In the end, the two of them fell heavy onto Lee's bed, and Lee managed to get him laid out there, over that tangle of blankets. Sam didn't protest when he pulled off those untied regulation boots. He just looked up at the ceiling, his usually warm eyes like pits of muted tar. Lee sat down at his feet and leaned against the wall, not really watching him, just trying to breathe and not cry.
In the darkness, Sam said, "What are you doing?"
"Just sitting here. Thinking."
"No, with your life. I don't mean this frakked-up trial. I mean, what reason do you have to still be here?"
"I don't know," Lee replied.
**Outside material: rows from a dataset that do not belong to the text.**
(* Let $G$ be a finite, simple, connected, vertex-transitive $(q+1)$-regular graph with $n$ vertices and $m$ edges, let $a\in[0,1]$ and $b\in\mathbb R$, and set $\eta=(1-q)a+b(q+1)$ and $\sigma=b((1-q)a+bq)$. Then for complex $u$ with $|u|$ sufficiently small (principal branches of logarithms and powers), \[ \zeta_{a,b}(G,u)^{-1}=(1-b^2u^2)^{(q-1)/2}\exp\Big[\frac1n\sum_{\lambda\in\operatorname{Spec}(\mathbf P)}\log\{(1+\sigma u^2)-\eta u\lambda\}\Big] \] and \[ \zeta_{a,b}(G,u)^{-1}=(1-b^2u^2)^{(q-1)/2}\exp\Big[\frac1n\sum_{\lambda\in\operatorname{Spec}(\Delta)}\log\Big\{(1-\eta u+\sigma u^2)+\frac{\eta u}{q+1}\lambda\Big\}\Big], \] where the sums run over the eigenvalues of $\mathbf P=\mathbf P(G)$, respectively of the Laplacian $\Delta=\mathbf D-\mathbf A(G)$, counted with multiplicity.
   Context: $D(G)$ is the set of $2m$ arcs of $G$ (for each edge $uv$, both $(u,v)$ and $(v,u)$); for $e=(u,v)$, $o(e)=u$, $t(e)=v$, $e^{-1}=(v,u)$. The weight $w:D(G)\times D(G)\to\mathbb C$ is $w(f,e)=(2/\deg t(f)-1)a+b$ if $t(f)=o(e)$ and $f\ne e^{-1}$, $w(f,e)=(2/\deg t(f)-1)a$ if $f=e^{-1}$, and $0$ otherwise. A cycle of length $r$ is a sequence $C=(e_1,\ldots,e_r)$ of arcs with $t(e_i)=o(e_{i+1})$ for $i<r$ and $t(e_r)=o(e_1)$ (backtracking allowed), with $w(C)=w(e_1,e_2)\cdots w(e_{r-1},e_r)w(e_r,e_1)$; it is an $x_0$-cycle if $o(e_1)=x_0$. Fixing a vertex $x_0$, the generalized $(a,b)$-zeta function is $\zeta_{a,b}(G,u)=\exp\big(\sum_{r\ge1}\frac{N^0_r}{r}u^r\big)$ with $N^0_r=\sum\{w(C)\mid C$ an $x_0$-cycle of length $r\}$. $G$ is vertex-transitive if its automorphism group acts transitively on vertices. $\mathbf P(G)$ has entries $P_{uv}=1/\deg u$ if $u,v$ adjacent and $0$ otherwise; $\mathbf D$ is the diagonal degree matrix and $\mathbf A(G)$ the adjacency matrix. *)

theory Defs
  imports "HOL-Analysis.Analysis" "Jordan_Normal_Form.Char_Poly"
begin

definition simple_graph :: "'a set \<Rightarrow> ('a \<Rightarrow> 'a \<Rightarrow> bool) \<Rightarrow> bool" where
  "simple_graph V E \<longleftrightarrow> finite V \<and> (\<forall>u v. E u v \<longrightarrow> u \<in> V \<and> v \<in> V)
     \<and> (\<forall>u v. E u v \<longrightarrow> E v u) \<and> (\<forall>u. \<not> E u u)"

definition connected_graph :: "'a set \<Rightarrow> ('a \<Rightarrow> 'a \<Rightarrow> bool) \<Rightarrow> bool" where
  "connected_graph V E \<longleftrightarrow> V \<noteq> {} \<and> (\<forall>x\<in>V. \<forall>y\<in>V. E\<^sup>*\<^sup>* x y)"

definition vertex_transitive :: "'a set \<Rightarrow> ('a \<Rightarrow> 'a \<Rightarrow> bool) \<Rightarrow> bool" where
  "vertex_transitive V E \<longleftrightarrow> (\<forall>x\<in>V. \<forall>y\<in>V. \<exists>f. bij_betw f V V
      \<and> (\<forall>u\<in>V. \<forall>v\<in>V. E u v \<longleftrightarrow> E (f u) (f v)) \<and> f x = y)"

definition deg :: "'a set \<Rightarrow> ('a \<Rightarrow> 'a \<Rightarrow> bool) \<Rightarrow> 'a \<Rightarrow> nat" where
  "deg V E v = card {w\<in>V. E v w}"

definition regular :: "'a set \<Rightarrow> ('a \<Rightarrow> 'a \<Rightarrow> bool) \<Rightarrow> nat \<Rightarrow> bool" where
  "regular V E k \<longleftrightarrow> (\<forall>v\<in>V. deg V E v = k)"

definition arcs :: "'a set \<Rightarrow> ('a \<Rightarrow> 'a \<Rightarrow> bool) \<Rightarrow> ('a \<times> 'a) set" where
  "arcs V E = {(u,v). u \<in> V \<and> v \<in> V \<and> E u v}"

definition arc_weight :: "'a set \<Rightarrow> ('a \<Rightarrow> 'a \<Rightarrow> bool) \<Rightarrow> real \<Rightarrow> real \<Rightarrow> 'a \<times> 'a \<Rightarrow> 'a \<times> 'a \<Rightarrow> real" where
  "arc_weight V E a b f e =
     (if f = (snd e, fst e) then (2 / real (deg V E (snd f)) - 1) * a
      else if snd f = fst e then (2 / real (deg V E (snd f)) - 1) * a + b
      else 0)"

text \<open>x0-cycles of length r: lists of r arcs, consecutive, closed, starting at x0 (backtracking allowed).\<close>
definition x0_cycles :: "'a set \<Rightarrow> ('a \<Rightarrow> 'a \<Rightarrow> bool) \<Rightarrow> 'a \<Rightarrow> nat \<Rightarrow> ('a \<times> 'a) list set" where
  "x0_cycles V E x0 r = {cs. length cs = r \<and> r \<ge> 1 \<and> set cs \<subseteq> arcs V E
      \<and> (\<forall>i. i + 1 < r \<longrightarrow> snd (cs ! i) = fst (cs ! (i + 1)))
      \<and> snd (cs ! (r - 1)) = fst (cs ! 0) \<and> fst (cs ! 0) = x0}"

definition cycle_weight :: "'a set \<Rightarrow> ('a \<Rightarrow> 'a \<Rightarrow> bool) \<Rightarrow> real \<Rightarrow> real \<Rightarrow> ('a \<times> 'a) list \<Rightarrow> real" where
  "cycle_weight V E a b cs =
     (\<Prod>i<length cs. arc_weight V E a b (cs ! i) (cs ! ((i + 1) mod length cs)))"

definition N0 :: "'a set \<Rightarrow> ('a \<Rightarrow> 'a \<Rightarrow> bool) \<Rightarrow> real \<Rightarrow> real \<Rightarrow> 'a \<Rightarrow> nat \<Rightarrow> real" where
  "N0 V E a b x0 r = (\<Sum>C\<in>x0_cycles V E x0 r. cycle_weight V E a b C)"

definition zeta_ab :: "'a set \<Rightarrow> ('a \<Rightarrow> 'a \<Rightarrow> bool) \<Rightarrow> real \<Rightarrow> real \<Rightarrow> 'a \<Rightarrow> complex \<Rightarrow> complex" where
  "zeta_ab V E a b x0 u =
     exp (\<Sum>r. complex_of_real (N0 V E a b x0 (Suc r) / real (Suc r)) * u ^ Suc r)"

definition vlist :: "'a set \<Rightarrow> 'a list" where
  "vlist V = (SOME vs. distinct vs \<and> set vs = V)"

definition vmat :: "'a set \<Rightarrow> ('a \<Rightarrow> 'a \<Rightarrow> real) \<Rightarrow> real mat" where
  "vmat V M = mat (card V) (card V) (\<lambda>(i,j). M (vlist V ! i) (vlist V ! j))"

definition Pmat :: "'a set \<Rightarrow> ('a \<Rightarrow> 'a \<Rightarrow> bool) \<Rightarrow> real mat" where
  "Pmat V E = vmat V (\<lambda>u v. if E u v then 1 / real (deg V E u) else 0)"

definition Lapmat :: "'a set \<Rightarrow> ('a \<Rightarrow> 'a \<Rightarrow> bool) \<Rightarrow> real mat" where
  "Lapmat V E = vmat V (\<lambda>u v. (if u = v then real (deg V E u) else 0) - (if E u v then 1 else 0))"

definition spec_sum :: "real mat \<Rightarrow> (complex \<Rightarrow> complex) \<Rightarrow> complex" where
  "spec_sum M f = (let p = char_poly (map_mat complex_of_real M) in
     \<Sum>z\<in>{z. poly p z = 0}. of_nat (order z p) * f z)"

end

(* Let W be the matrix of arc weights, W_ef = w(e,f), indexed by the 2m arcs. On a (q+1)-regular
   graph W = c S T - b J with c = (2/(q+1) - 1) a + b, where T is the n x 2m incidence matrix of arc
   origins, S the 2m x n incidence matrix of arc termini and J the arc reversal; T S = A, J^2 = I,
   tr J = 0 and T J S = (q+1) I.

   Closed walks of length r have total weight tr W^r, and vertex transitivity shares it equally among
   the n vertices, so N^0_r = tr W^r / n and, near u = 0, zeta^{-1} = exp((1/n) sum log(1 - mu u))
   over the eigenvalues mu of W. Two block eliminations of [I, T; c u S, I + b u J] give the
   Bass-type identity
     det(I - uW) (1 - b^2 u^2)^n = (1 - b^2 u^2)^m det((1 + sigma u^2) I - eta u P),
   and taking logarithms, which is legitimate near u = 0 where every factor is close to 1, yields the
   first formula. The second follows from Delta = (q+1)(I - P). *)

theory Submission
  imports Defs "Jordan_Normal_Form.Schur_Decomposition"
begin

section \<open>Traces, triangular forms and eigenvalues\<close>

definition mat_trace :: "'a::comm_ring_1 mat \<Rightarrow> 'a" where
  "mat_trace A = (\<Sum>i<dim_row A. A $$ (i,i))"

lemma mat_trace_mult_comm:
  fixes A B :: "'a::comm_ring_1 mat"
  assumes "A \<in> carrier_mat n k" and "B \<in> carrier_mat k n"
  shows "mat_trace (A * B) = mat_trace (B * A)"
proof -
  have "mat_trace (A * B) = (\<Sum>i<n. \<Sum>j<k. A $$ (i,j) * B $$ (j,i))"
    using assms by (simp add: mat_trace_def scalar_prod_def atLeast0LessThan)
  also have "\<dots> = (\<Sum>j<k. \<Sum>i<n. B $$ (j,i) * A $$ (i,j))"
    by (subst sum.swap) (simp add: mult.commute)
  also have "\<dots> = mat_trace (B * A)"
    using assms by (simp add: mat_trace_def scalar_prod_def atLeast0LessThan)
  finally show ?thesis .
qed

lemma mat_trace_similar:
  fixes A :: "'a::comm_ring_1 mat"
  assumes "similar_mat_wit A B P Q"
  shows "mat_trace A = mat_trace B"
proof -
  note sim = similar_mat_witD[OF refl assms]
  have "mat_trace A = mat_trace ((P * B) * Q)"
    using sim(3) by simp
  also have "\<dots> = mat_trace (Q * (P * B))"
    using sim(5-7) by (intro mat_trace_mult_comm) auto
  also have "Q * (P * B) = B"
    using sim(2,5-7) by (simp add: assoc_mult_mat[symmetric, of Q _ _ P _ B])
  finally show ?thesis .
qed

lemma pow_mat_Suc_left:
  fixes A :: "'a::semiring_1 mat"
  assumes A: "A \<in> carrier_mat n n"
  shows "A ^\<^sub>m Suc k = A * A ^\<^sub>m k"
proof (induction k)
  case (Suc k)
  have "A ^\<^sub>m Suc (Suc k) = (A * A ^\<^sub>m k) * A"
    using Suc by simp
  also have "\<dots> = A * A ^\<^sub>m Suc k"
    using A by (simp add: assoc_mult_mat[of _ n n _ n _ n])
  finally show ?case .
qed (use A in simp)

lemma upper_triangular_mult:
  fixes A B :: "'a::comm_ring_1 mat"
  assumes A: "A \<in> carrier_mat n n" and B: "B \<in> carrier_mat n n"
    and uA: "upper_triangular A" and uB: "upper_triangular B"
  shows "upper_triangular (A * B)"
    and "i < n \<Longrightarrow> (A * B) $$ (i,i) = A $$ (i,i) * B $$ (i,i)"
proof -
  have below_diagonal: "A $$ (i,k) * B $$ (k,j) = 0" if "j < i" "i < n" "k < n" for i j k
    using that A B upper_triangularD[OF uA, of k i] upper_triangularD[OF uB, of j k]
    by (cases "k < i") auto
  show "upper_triangular (A * B)"
    using A B by (auto intro!: upper_triangularI sum.neutral simp: scalar_prod_def below_diagonal)
  assume i: "i < n"
  have off_diagonal: "A $$ (i,k) * B $$ (k,i) = 0" if "k < n" "k \<noteq> i" for k
    using that i A B upper_triangularD[OF uA, of k i] upper_triangularD[OF uB, of i k]
    by (cases "k < i") auto
  have "(A * B) $$ (i,i) = (\<Sum>k\<in>{0..<n}. A $$ (i,k) * B $$ (k,i))"
    using A B i by (simp add: scalar_prod_def)
  also have "\<dots> = A $$ (i,i) * B $$ (i,i)"
    using i off_diagonal by (subst sum.remove[of _ i]) (auto intro!: sum.neutral)
  finally show "(A * B) $$ (i,i) = A $$ (i,i) * B $$ (i,i)" .
qed

lemma upper_triangular_pow:
  fixes A :: "'a::comm_ring_1 mat"
  assumes A: "A \<in> carrier_mat n n" and uA: "upper_triangular A"
  shows "upper_triangular (A ^\<^sub>m k)" and "i < n \<Longrightarrow> (A ^\<^sub>m k) $$ (i,i) = A $$ (i,i) ^ k"
proof -
  have "upper_triangular (A ^\<^sub>m k) \<and> (\<forall>i<n. (A ^\<^sub>m k) $$ (i,i) = A $$ (i,i) ^ k)"
  proof (induction k)
    case (Suc k)
    then show ?case
      using upper_triangular_mult[OF pow_carrier_mat[OF A] A _ uA, of k] by simp
  qed (use A in simp)
  then show "upper_triangular (A ^\<^sub>m k)" and "i < n \<Longrightarrow> (A ^\<^sub>m k) $$ (i,i) = A $$ (i,i) ^ k"
    by auto
qed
He knew, though, as he squinted at Sam's face in the darkness, looked down at those unaccustomed tanks, that he needed to find out. Because he hadn't followed her down.
When Lee's back hurt too much for him to stand it anymore, he lay down in the bed beside Sam, the length of their legs flush together. Then he felt Sam turn, throw an arm around him, not sleeping or even talking but planting himself just inside Lee's personal space-just close enough, just too close. He was so warm it was almost suffocating, but Lee turned, too, pressed himself back against Sam and buried his head in the pillow. Everything in the room smelled like liquor and bodies. Everything felt like that moment before something inside of him began to crumble.
Sam's fingers curled around his hipbone. It was going to be a long night.